Chris Lattner
2009-Jul-23 05:54 UTC
[LLVMdev] Case where VSETCC DAGCombiner hack doesn't work
On Jul 21, 2009, at 11:14 PM, Eli Friedman wrote:> Testcase (compile with clang >= r76726): > #include <emmintrin.h> > __m128i a(__m128 a, __m128 b) { return a==a & b==b; } > > CodeGen ends up scalarizing the comparison, which is really bad, and > AFAIK different from what we did before vsetcc was removed. The ideal > code is a single cmpordps, although I don't think clang ever generated > that for this construct.Ok, we were missing this specific case because of some instcombine xforms that were only applying to scalars, not vectors.
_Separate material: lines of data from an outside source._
lemma nn_integral_exp_density_times_exp:
  assumes "0 < \<theta>" "0 \<le> c"
  shows "(\<integral>\<^sup>+\<sigma>. ennreal (\<theta> * exp (- \<theta> * \<sigma>)) * indicator {0..} \<sigma> * ennreal (exp (- c * \<sigma>)) \<partial>lborel)
    = ennreal (\<theta> / (\<theta> + c))"
proof -
  have "\<theta> * exp (- \<theta> * \<sigma>) * exp (- c * \<sigma>) = \<theta> / (\<theta> + c) * ((\<theta> + c) * exp (- (\<theta> + c) * \<sigma>))" for \<sigma>
  proof -
    have "exp (- \<theta> * \<sigma>) * exp (- c * \<sigma>) = exp (- (\<theta> + c) * \<sigma>)"
      by (simp add: exp_add[symmetric] algebra_simps)
    moreover have "\<theta> / (\<theta> + c) * (\<theta> + c) = \<theta>"
      using assms by simp
    ultimately show ?thesis by (metis mult.assoc)
  qed
  then have "ennreal (\<theta> * exp (- \<theta> * \<sigma>)) * ennreal (exp (- c * \<sigma>))
      = ennreal (\<theta> / (\<theta> + c)) * ennreal ((\<theta> + c) * exp (- (\<theta> + c) * \<sigma>))" for \<sigma>
    using assms by (simp flip: ennreal_mult')
  then have "(\<integral>\<^sup>+\<sigma>. ennreal (\<theta> * exp (- \<theta> * \<sigma>)) * indicator {0..} \<sigma>
      * ennreal (exp (- c * \<sigma>)) \<partial>lborel)
      = (\<integral>\<^sup>+\<sigma>. ennreal (\<theta> / (\<theta> + c)) * (ennreal ((\<theta> + c) * exp (- (\<theta> + c) * \<sigma>)) * indicator {0..} \<sigma>)
          \<partial>lborel)"
    by (intro nn_integral_cong) (simp add: mult_ac)
  also have "\<dots> = ennreal (\<theta> / (\<theta> + c))"
    using assms nn_integral_exp_density[of "\<theta> + c"] by (simp add: nn_integral_cmult)
  finally show ?thesis .
qed

definition decay :: "real \<Rightarrow> ennreal \<Rightarrow> real" where
  "decay \<theta> h = (if h = \<top> then 0 else exp (- \<theta> * enn2real h))"

lemma decay_measurable[measurable]: "decay \<theta> \<in> borel_measurable borel"
  unfolding decay_def by measurable

lemma decay_nonneg: "0 \<le> decay \<theta> h"
  by (simp add: decay_def)

lemma decay_le_1: "0 \<le> \<theta> \<Longrightarrow> decay \<theta> h \<le> 1"
  by (simp add: decay_def enn2real_nonneg)

lemma decay_0 [simp]: "decay \<theta> 0 = 1"
  by (simp add: decay_def)

lemma decay_add: "decay \<theta> (a + b) = decay \<theta> a * decay \<theta> b"
  by (cases a; cases b) (simp_all add: decay_def ennreal_plus[symmetric] exp_add[symmetric]
      algebra_simps del: ennreal_plus)

lemma decay_sum: "decay \<theta> (\<Sum>i\<in>A. h i) = (\<Prod>i\<in>A. decay \<theta> (h i))"
  by (induction A rule: infinite_finite_induct) (simp_all add: decay_add)

lemma decay_eq_nn_integral:
  assumes "0 < \<theta>"
  shows "ennreal (decay \<theta> h) = (\<integral>\<^sup>+\<sigma>. ennreal (\<theta> * exp (- \<theta> * \<sigma>)) * indicator {0..} \<sigma>
      * indicator {h..} (ennreal \<sigma>) \<partial>lborel)"
proof (cases h)
  case (real a)
  then have "(\<integral>\<^sup>+\<sigma>. ennreal (\<theta> * exp (- \<theta> * \<sigma>)) * indicator {0..} \<sigma>
      * indicator {h..} (ennreal \<sigma>) \<partial>lborel)
      = (\<integral>\<^sup>+\<sigma>. ennreal (\<theta> * exp (- \<theta> * \<sigma>)) * indicator {a..} \<sigma> \<partial>lborel)"
    by (intro nn_integral_cong) (auto split: split_indicator simp: ennreal_le_iff2)
  with real show ?thesis using nn_integral_exp_tail[OF assms, of a] by (simp add: decay_def)
qed (simp add: decay_def indicator_def top_unique)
I tweaked them to cover vectors and we're getting "perfect" code for this now (one cmpordps). However, not all is sunshine and roses, there are some sad puppydog faces left. Specifically, things like this still get scalarized: #include <emmintrin.h> __m128i a(__m128 a, __m128 b, __m128 c) { return a==b & c==b; } The problem is that the IR going into Codegen has been (nicely) simplified to: define <2 x i64> @a(<4 x float> %a, <4 x float> %b, <4 x float> %c) nounwind readnone { entry: %cmp = fcmp oeq <4 x float> %a, %b ; <<4 x i1>> [#uses=1] %cmp4 = fcmp oeq <4 x float> %c, %b ; <<4 x i1>> [#uses=1] %and6 = and <4 x i1> %cmp, %cmp4 ; <<4 x i1>> [#uses=1] %and = sext <4 x i1> %and6 to <4 x i32> ; <<4 x i32>> [#uses=1] %conv = bitcast <4 x i32> %and to <2 x i64> ; <<2 x i64>> [#uses=1] ret <2 x i64> %conv } When legalize types sees the sext from <4 x i1> -> <4 x i32>, its only solution right now is to scalarize the whole mess feeding into it, giving us really atrocious code. IMO, the solution to this is to have a legalize-types action for vectors that corresponds to "promote" on scalars. In this case, since X86 supports VSETCC, the 4 x i1 SETCC should "vector promote" to a VSETCC node with a 4xi32 result, the and should vector promote to 4xi32, and the sext should vector promote as a vector sext_inreg. I don't think that implementing this is particularly hard, but I have plenty of other things I'm working on right now. Is anyone else interested in working on this? -Chris
Duncan Sands
2009-Jul-23 12:09 UTC
[LLVMdev] Case where VSETCC DAGCombiner hack doesn't work
Hi Chris,> When legalize types sees the sext from <4 x i1> -> <4 x i32>, its only > solution right now is to scalarize the whole mess feeding into it, > giving us really atrocious code. > > IMO, the solution to this is to have a legalize-types action for > vectors that corresponds to "promote" on scalars. In this case, since > X86 supports VSETCC, the 4 x i1 SETCC should "vector promote" to a > VSETCC node with a 4xi32 result, the and should vector promote to > 4xi32, and the sext should vector promote as a vector sext_inreg. > > I don't think that implementing this is particularly hard, but I have > plenty of other things I'm working on right now. Is anyone else > interested in working on this?I agree that this should be straightforward: if the vector element type is illegal (eg: i1), then legalize the element while keeping it a vector (eg: <4 x i1> -> <4 x i8> or whatever, <4 x i128> -> <8 x i64>). One question is whether type legalization should handle the element type in the same way it would if it was a scalar, eg should <4 x i1> get turned into <4 x i8>, since an i1 gets turned into an i8, or into something else like <4 x i32>? I guess the first option would be slightly simpler/more regular from the type legalization viewpoint. Operation legalization could later turn <4 x i8> into <4 x i32> if that's better for the operation. That said, I don't plan to work on this. Ciao, Duncan.